The answer must consist of every line from the data that holds the string "finally".
○ ○ ○ ○
(* Let $N\ge0$ be an integer and $a,b,c,z$ complex numbers (or indeterminates) with $z\ne0$ such that all arguments and denominators below are well defined and nonzero. Then \begin{align*} {}_{2}F_{1}^{[N]}\left(\begin{matrix}a,b\\ c\end{matrix};z\right) &=\frac{(b+Nz^{-1}-N)_{N}}{(Nz^{-1}-N)_{N}}\, {}_{2}F_{1}^{[N]}\left(\begin{matrix}c-a,b\\ c\end{matrix};\frac{N}{N-Nz^{-1}+1-b}\right) \\ &=\frac{(a+b-c+Nz^{-1}-N)_{N}}{(Nz^{-1}-N)_{N}}\, {}_{2}F_{1}^{[N]}\left(\begin{matrix}c-a,c-b\\ c\end{matrix};\frac{N}{Nz^{-1}+a+b-c}\right). \end{align*}
   Context: $(x)_m=x(x+1)\cdots(x+m-1)$ is the rising factorial, $(x)_0=1$. For $N\ge0$, \[ {}_{2}F_{1}^{[N]}\left(\begin{matrix}a,b\\ c\end{matrix};z\right)=\sum_{m=0}^{N}\frac{(a)_m(b)_m}{(c)_m\, m!}\,\frac{(N+1-m)_m}{(Nz^{-1}-m)_m}. \] *)

theory Defs
  imports Complex_Main
begin

definition F21N :: "nat \<Rightarrow> complex \<Rightarrow> complex \<Rightarrow> complex \<Rightarrow> complex \<Rightarrow> complex" where
  "F21N N a b c z =
     (\<Sum>m=0..N. pochhammer a m * pochhammer b m / (pochhammer c m * of_nat (fact m))
        * pochhammer (of_nat (N + 1 - m)) m / pochhammer (of_nat N / z - of_nat m) m)"

end

theory Submission
  imports Defs "HOL-Computational_Algebra.Formal_Power_Series"
begin

text \<open>Write \<open>x = N/z\<close> and \<open>(N+1-m)_m / m! = C(N,m)\<close>. Multiplying the truncated
  function by \<open>(x-N)_N\<close> turns the denominators \<open>(x-m)_m\<close> into \<open>(x-N)_(N-m)\<close>.
  Expanding \<open>(a)_m / (c)_m\<close> by Chu--Vandermonde and exchanging the two sums, the inner
  sum over \<open>m\<close> collapses by the binomial theorem for rising factorials; what remains
  is again a truncated function, with \<open>a\<close> replaced by \<open>c-a\<close>: this is the first
  (Pfaff) identity. Applying it twice, using the symmetry in \<open>a, b\<close>, gives the second
  (Euler) identity.\<close>

definition trunc_2F1 :: "nat \<Rightarrow> 'a \<Rightarrow> 'a \<Rightarrow> 'a \<Rightarrow> 'a \<Rightarrow> 'a::field_char_0" where
  "trunc_2F1 N a b c x = (\<Sum>m=0..N. of_nat (N choose m) * pochhammer a m * pochhammer b m
       / (pochhammer c m * pochhammer (x - of_nat m) m))"

lemma pochhammer_of_nat_eq_fact_mult_choose:
  assumes "k \<le> n"
  shows "pochhammer (of_nat (n - k + 1) :: 'a::field_char_0) k = fact k * of_nat (n choose k)"
proof -
  have "of_nat (n choose k) = (of_nat n gchoose k :: 'a)"
    by (rule binomial_gbinomial)
  also have "\<dots> = pochhammer (of_nat n - of_nat k + 1) k / fact k"
    by (rule gbinomial_pochhammer')
  also have "of_nat n - of_nat k + 1 = (of_nat (n - k + 1) :: 'a)"
    using assms by (simp add: of_nat_diff)
  finally show ?thesis by (simp add: field_simps)
qed

lemma F21N_eq_trunc_2F1: "F21N N a b c z = trunc_2F1 N a b c (of_nat N / z)"
  unfolding F21N_def trunc_2F1_def
proof (rule sum.cong[OF refl])
  fix m assume "m \<in> {0..N}"
  then have "pochhammer (of_nat (N + 1 - m) :: complex) m = fact m * of_nat (N choose m)"
    using pochhammer_of_nat_eq_fact_mult_choose[of m N] by (simp add: Suc_diff_le)
  then show "pochhammer a m * pochhammer b m / (pochhammer c m * of_nat (fact m)) *
          pochhammer (of_nat (N + 1 - m)) m / pochhammer (of_nat N / z - of_nat m) m =
        of_nat (N choose m) * pochhammer a m * pochhammer b m /
          (pochhammer c m * pochhammer (of_nat N / z - of_nat m) m)"
    by (simp add: field_simps of_nat_fact)
qed

lemma trunc_2F1_commute: "trunc_2F1 N a b c x = trunc_2F1 N b a c x"
  unfolding trunc_2F1_def by (simp add: mult_ac)

lemma pochhammer_minus_of_nat_split:
  fixes x :: "'a::comm_ring_1"
  assumes "m \<le> N"
  shows "pochhammer (x - of_nat N) N = pochhammer (x - of_nat N) (N - m) * pochhammer (x - of_nat m) m"
proof -
  have "pochhammer (x - of_nat N) N = pochhammer (x - of_nat N) ((N - m) + m)"
    using assms by simp
  also have "\<dots> = pochhammer (x - of_nat N) (N - m) * pochhammer (x - of_nat N + of_nat (N - m)) m"
    by (rule pochhammer_product')
  also have "x - of_nat N + of_nat (N - m) = x - of_nat m"
    using assms by (simp add: of_nat_diff)
  finally show ?thesis .
qed

lemma pochhammer_minus_of_nat_neq_0:
  fixes x :: "'a::comm_ring_1"
  assumes "pochhammer (x - of_nat N) N \<noteq> 0" and "m \<le> N"
  shows "pochhammer (x - of_nat m) m \<noteq> 0"
  using assms pochhammer_minus_of_nat_split[OF \<open>m \<le> N\<close>, of x] by auto

lemma pochhammer_mult_trunc_2F1:
  fixes a b c x :: "'a::field_char_0"
  assumes hx: "pochhammer (x - of_nat N) N \<noteq> 0"
  shows "pochhammer (x - of_nat N) N * trunc_2F1 N a b c x = (\<Sum>m=0..N. of_nat (N choose m)
      * pochhammer b m * pochhammer (x - of_nat N) (N - m) * (pochhammer a m / pochhammer c m))"
  unfolding trunc_2F1_def sum_distrib_left
proof (rule sum.cong[OF refl])
  fix m assume "m \<in> {0..N}"
  then have m: "m \<le> N" by simp
  show "pochhammer (x - of_nat N) N * (of_nat (N choose m) * pochhammer a m * pochhammer b m
        / (pochhammer c m * pochhammer (x - of_nat m) m))
      = of_nat (N choose m) * pochhammer b m * pochhammer (x - of_nat N) (N - m)
        * (pochhammer a m / pochhammer c m)"
    unfolding pochhammer_minus_of_nat_split[OF m, of x]
    using pochhammer_minus_of_nat_neq_0[OF hx m] by (simp add: field_simps)
qed

lemma Vandermonde_pochhammer_upto:
  fixes a c :: "'a::field_char_0"
  assumes "pochhammer c m \<noteq> 0" and "m \<le> N"
  shows "pochhammer a m / pochhammer c m =
     (\<Sum>j=0..N. pochhammer (c - a) j * pochhammer (- of_nat m) j / (of_nat (fact j) * pochhammer c j))"
proof -
  have "\<forall>i\<in>{0..<m}. c \<noteq> - of_nat i"
    using assms(1) by (auto simp: pochhammer_eq_0_iff)
  then have "pochhammer (c - (c - a)) m / pochhammer c m =
      (\<Sum>j=0..m. pochhammer (c - a) j * pochhammer (- of_nat m) j / (of_nat (fact j) * pochhammer c j))"
    by (rule Vandermonde_pochhammer[symmetric])
  also have "\<dots> =
      (\<Sum>j=0..N. pochhammer (c - a) j * pochhammer (- of_nat m) j / (of_nat (fact j) * pochhammer c j))"
    by (rule sum.mono_neutral_left) (use assms(2) in \<open>auto simp: pochhammer_of_nat_eq_0_lemma\<close>)
  finally show ?thesis by simp
qed

lemma sum_choose_pochhammer_minus_of_nat:
  fixes b y :: "'a::field_char_0"
  assumes "j \<le> N"
  shows "(\<Sum>m=0..N. of_nat (N choose m) * pochhammer (- of_nat m) j * pochhammer b m * pochhammer y (N - m))
     = (-1)^j * fact j * of_nat (N choose j) * pochhammer b j * pochhammer (b + of_nat j + y) (N - j)"
    (is "?L = ?R")
proof -
  let ?f = "\<lambda>m. of_nat (N choose m) * pochhammer (- of_nat m) j * pochhammer b m * pochhammer y (N - m) :: 'a"
  let ?C = "(-1)^j * fact j * of_nat (N choose j) * pochhammer b j :: 'a"
  have "?L = sum ?f {0..<j} + sum ?f {j..N}"
  proof -
    have "{0..N} = {0..<j} \<union> {j..N}" using assms by auto
    then show ?thesis by (simp add: sum.union_disjoint ivl_disj_int)
  qed
  also have "sum ?f {0..<j} = 0"
    by (rule sum.neutral) (auto simp: pochhammer_of_nat_eq_0_lemma)
  also have "sum ?f {j..N} = (\<Sum>l=0..N-j. ?f (l + j))"
    using sum.shift_bounds_cl_nat_ivl[of ?f 0 j "N - j"] assms by simp
  also have "\<dots> = (\<Sum>l=0..N-j. ?C *
        (of_nat (N - j choose l) * pochhammer (b + of_nat j) l * pochhammer y (N - j - l)))"
  proof (rule sum.cong[OF refl])
    fix l assume "l \<in> {0..N-j}"
    then have l: "l + j \<le> N" using assms by simp
    have "pochhammer (- of_nat (l + j)) j = (-1)^j * pochhammer (of_nat (l + j) - of_nat j + 1 :: 'a) j"
      by (rule pochhammer_minus)
    also have "of_nat (l + j) - of_nat j + 1 = (of_nat (l + j - j + 1) :: 'a)"
      by simp
    also have "pochhammer \<dots> j = fact j * of_nat ((l + j) choose j)"
      by (rule pochhammer_of_nat_eq_fact_mult_choose) simp
    finally have neg: "pochhammer (- of_nat (l + j)) j = (-1)^j * (fact j * of_nat ((l + j) choose j) :: 'a)" .
    have split: "pochhammer b (l + j) = pochhammer b j * pochhammer (b + of_nat j) l"
      using pochhammer_product'[of b j l] by (simp add: add.commute)
    have "(N choose (l + j)) * ((l + j) choose j) = (N choose j) * ((N - j) choose l)"
      using choose_mult[of j "l + j" N] l by simp
    then have choose: "of_nat (N choose (l + j)) * of_nat ((l + j) choose j)
        = (of_nat (N choose j) * of_nat ((N - j) choose l) :: 'a)"
      by (metis of_nat_mult)
    show "?f (l + j) = ?C * (of_nat (N - j choose l) * pochhammer (b + of_nat j) l * pochhammer y (N - j - l))"
      unfolding neg split diff_diff_left[symmetric]
      using choose by (simp add: mult_ac add.commute[of l j])
  qed
  also have "\<dots> = ?C * pochhammer (b + of_nat j + y) (N - j)"
    by (simp add: sum_distrib_left[symmetric] atLeast0AtMost pochhammer_binomial_sum)
  finally show ?thesis by simp
qed

lemma pochhammer_reflect:
  fixes y :: "'a::comm_ring_1"
  shows "pochhammer (1 - y - of_nat n) n = (-1)^n * pochhammer y n"
  using pochhammer_minus'[of "- y" n] by (simp add: algebra_simps)

lemma trunc_2F1_Pfaff:
  fixes a b c x :: "'a::field_char_0"
  assumes hc: "pochhammer c N \<noteq> 0"
    and hx: "pochhammer (x - of_nat N) N \<noteq> 0"
    and hw: "pochhammer (1 - b - x) N \<noteq> 0"
  shows "trunc_2F1 N a b c x = pochhammer (b + x - of_nat N) N / pochhammer (x - of_nat N) N
           * trunc_2F1 N (c - a) b c (of_nat N - x + 1 - b)"
proof -
  let ?w = "of_nat N - x + 1 - b"
  let ?coeff = "\<lambda>j. pochhammer (c - a) j / (of_nat (fact j) * pochhammer c j)"
  let ?term = "\<lambda>j m. of_nat (N choose m) * pochhammer (- of_nat m) j * pochhammer b m
                 * pochhammer (x - of_nat N) (N - m)"
  have hcm: "pochhammer c m \<noteq> 0" if "m \<le> N" for m
    using pochhammer_neq_0_mono[OF hc that] .
  have hwm: "pochhammer (?w - of_nat m) m \<noteq> 0" if "m \<le> N" for m
    using pochhammer_minus_of_nat_neq_0[of ?w N m] hw that by simp
  have "pochhammer (x - of_nat N) N * trunc_2F1 N a b c x = (\<Sum>m=0..N. of_nat (N choose m)
      * pochhammer b m * pochhammer (x - of_nat N) (N - m) * (pochhammer a m / pochhammer c m))"
    by (rule pochhammer_mult_trunc_2F1[OF hx])
  also have "\<dots> = (\<Sum>m=0..N. \<Sum>j=0..N. ?coeff j * ?term j m)"
    by (rule sum.cong[OF refl])
      (simp add: Vandermonde_pochhammer_upto[OF hcm] sum_distrib_left mult_ac)
  also have "\<dots> = (\<Sum>j=0..N. ?coeff j * (\<Sum>m=0..N. ?term j m))"
    by (subst sum.swap) (simp add: sum_distrib_left)
  also have "\<dots> = (\<Sum>j=0..N. ?coeff j * ((-1)^j * fact j * of_nat (N choose j) * pochhammer b j
      * pochhammer (b + of_nat j + (x - of_nat N)) (N - j)))"
    by (rule sum.cong[OF refl]) (simp add: sum_choose_pochhammer_minus_of_nat)
  also have "\<dots> = pochhammer (b + x - of_nat N) N * trunc_2F1 N (c - a) b c ?w"
    unfolding trunc_2F1_def sum_distrib_left
  proof (rule sum.cong[OF refl])
    fix j assume "j \<in> {0..N}"
    then have j: "j \<le> N" by simp
    have "?w - of_nat j = 1 - (b + x - of_nat N) - of_nat j"
      by simp
    then have reflect: "pochhammer (?w - of_nat j) j = (-1)^j * pochhammer (b + x - of_nat N) j"
      by (simp only: pochhammer_reflect)
    have split: "pochhammer (b + x - of_nat N) N
        = pochhammer (b + x - of_nat N) j * pochhammer (b + of_nat j + (x - of_nat N)) (N - j)"
      using pochhammer_product[OF j, of "b + x - of_nat N"] by (simp add: algebra_simps)
    have sign: "(-1::'a)^j * (-1)^j = 1"
      by (simp flip: power_mult_distrib)
    show "?coeff j * ((-1)^j * fact j * of_nat (N choose j) * pochhammer b j
          * pochhammer (b + of_nat j + (x - of_nat N)) (N - j))
        = pochhammer (b + x - of_nat N) N * (of_nat (N choose j) * pochhammer (c - a) j
          * pochhammer b j / (pochhammer c j * pochhammer (?w - of_nat j) j))"
      using hwm[OF j] hcm[OF j] sign unfolding split reflect by (simp add: field_simps)
  qed
  finally show ?thesis
    using hx by (simp add: field_simps)
qed

lemma trunc_2F1_Euler:
  fixes a b c x :: "'a::field_char_0"
  assumes hc: "pochhammer c N \<noteq> 0"
    and hx: "pochhammer (x - of_nat N) N \<noteq> 0"
    and hw: "pochhammer (1 - b - x) N \<noteq> 0"
    and hw': "pochhammer (x + a + b - c - of_nat N) N \<noteq> 0"
  shows "trunc_2F1 N a b c x = pochhammer (a + b - c + x - of_nat N) N / pochhammer (x - of_nat N) N
           * trunc_2F1 N (c - a) (c - b) c (x + a + b - c)"
proof -
  define w where "w = of_nat N - x + 1 - b"
  have w_shift: "w - of_nat N = 1 - (b + x - of_nat N) - of_nat N"
    by (simp add: w_def)
  have w_shift': "c - a + w - of_nat N = 1 - (a + b - c + x - of_nat N) - of_nat N"
    by (simp add: w_def)
  have hw_N: "pochhammer (w - of_nat N) N \<noteq> 0"
    using hw by (simp add: w_def algebra_simps)
  have "trunc_2F1 N a b c x = pochhammer (b + x - of_nat N) N / pochhammer (x - of_nat N) N
      * trunc_2F1 N b (c - a) c w"
    using trunc_2F1_Pfaff[OF hc hx hw] by (simp add: w_def trunc_2F1_commute[of N b])
  also have "trunc_2F1 N b (c - a) c w = pochhammer (c - a + w - of_nat N) N
      / pochhammer (w - of_nat N) N * trunc_2F1 N (c - b) (c - a) c (x + a + b - c)"
  proof -
    have "pochhammer (1 - (c - a) - w) N \<noteq> 0"
      using hw' by (simp add: w_def algebra_simps)
    moreover have "of_nat N - w + 1 - (c - a) = x + a + b - c"
      by (simp add: w_def)
    ultimately show ?thesis
      using trunc_2F1_Pfaff[OF hc hw_N] by metis
  qed
  moreover have "pochhammer (b + x - of_nat N) N \<noteq> 0"
    using hw_N unfolding w_shift pochhammer_reflect by simp
  ultimately show ?thesis
    unfolding w_shift w_shift' pochhammer_reflect
    by (simp add: trunc_2F1_commute[of N "c - b"])
qed

theorem corollary4p3:
  fixes N :: nat and a b c z :: complex
  assumes hz: "z \<noteq> 0"
    and hc: "\<And>m. m \<le> N \<Longrightarrow> pochhammer c m \<noteq> 0"
    and hd0: "\<And>m. m \<le> N \<Longrightarrow> pochhammer (of_nat N / z - of_nat m) m \<noteq> 0"
    and hN: "pochhammer (of_nat N / z - of_nat N) N \<noteq> 0"
    and hden1: "of_nat N - of_nat N / z + 1 - b \<noteq> 0"
    and hd1: "\<And>m. m \<le> N \<Longrightarrow>
       pochhammer (of_nat N / (of_nat N / (of_nat N - of_nat N / z + 1 - b)) - of_nat m) m \<noteq> 0"
    and hden2: "of_nat N / z + a + b - c \<noteq> 0"
    and hd2: "\<And>m. m \<le> N \<Longrightarrow>
       pochhammer (of_nat N / (of_nat N / (of_nat N / z + a + b - c)) - of_nat m) m \<noteq> 0"
  shows "F21N N a b c z =
           pochhammer (b + of_nat N / z - of_nat N) N / pochhammer (of_nat N / z - of_nat N) N
           * F21N N (c - a) b c (of_nat N / (of_nat N - of_nat N / z + 1 - b))
         \<and> F21N N a b c z =
           pochhammer (a + b - c + of_nat N / z - of_nat N) N / pochhammer (of_nat N / z - of_nat N) N
           * F21N N (c - a) (c - b) c (of_nat N / (of_nat N / z + a + b - c))"
proof (cases "N = 0")
  case True
  then show ?thesis by (simp add: F21N_def)
next
  case False
  define x where "x = of_nat N / z"
  have N_div_N_div: "of_nat N / (of_nat N / w) = w" if "w \<noteq> 0" for w :: complex
    using False that by simp
  have hc_N: "pochhammer c N \<noteq> 0"
    using hc by simp
  have hx: "pochhammer (x - of_nat N) N \<noteq> 0"
    using hN by (simp add: x_def)
  have hw: "pochhammer (1 - b - x) N \<noteq> 0"
    using hd1[of N] unfolding N_div_N_div[OF hden1] by (simp add: x_def)
  have hw': "pochhammer (x + a + b - c - of_nat N) N \<noteq> 0"
    using hd2[of N] unfolding N_div_N_div[OF hden2] by (simp add: x_def)
  show ?thesis
    unfolding F21N_eq_trunc_2F1 N_div_N_div[OF hden1] N_div_N_div[OF hden2]
    unfolding x_def[symmetric]
    using trunc_2F1_Pfaff[OF hc_N hx hw] trunc_2F1_Euler[OF hc_N hx hw hw'] ..
qed

end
○ ○ ○ ○
EXERCISE OUTPUT:
  finally show ?thesis by (simp add: field_simps)
  finally show ?thesis .
  finally show ?thesis by simp
    finally have neg: "pochhammer (- of_nat (l + j)) j = (-1)^j * (fact j * of_nat ((l + j) choose j) :: 'a)" .
  finally show ?thesis by simp
  finally show ?thesis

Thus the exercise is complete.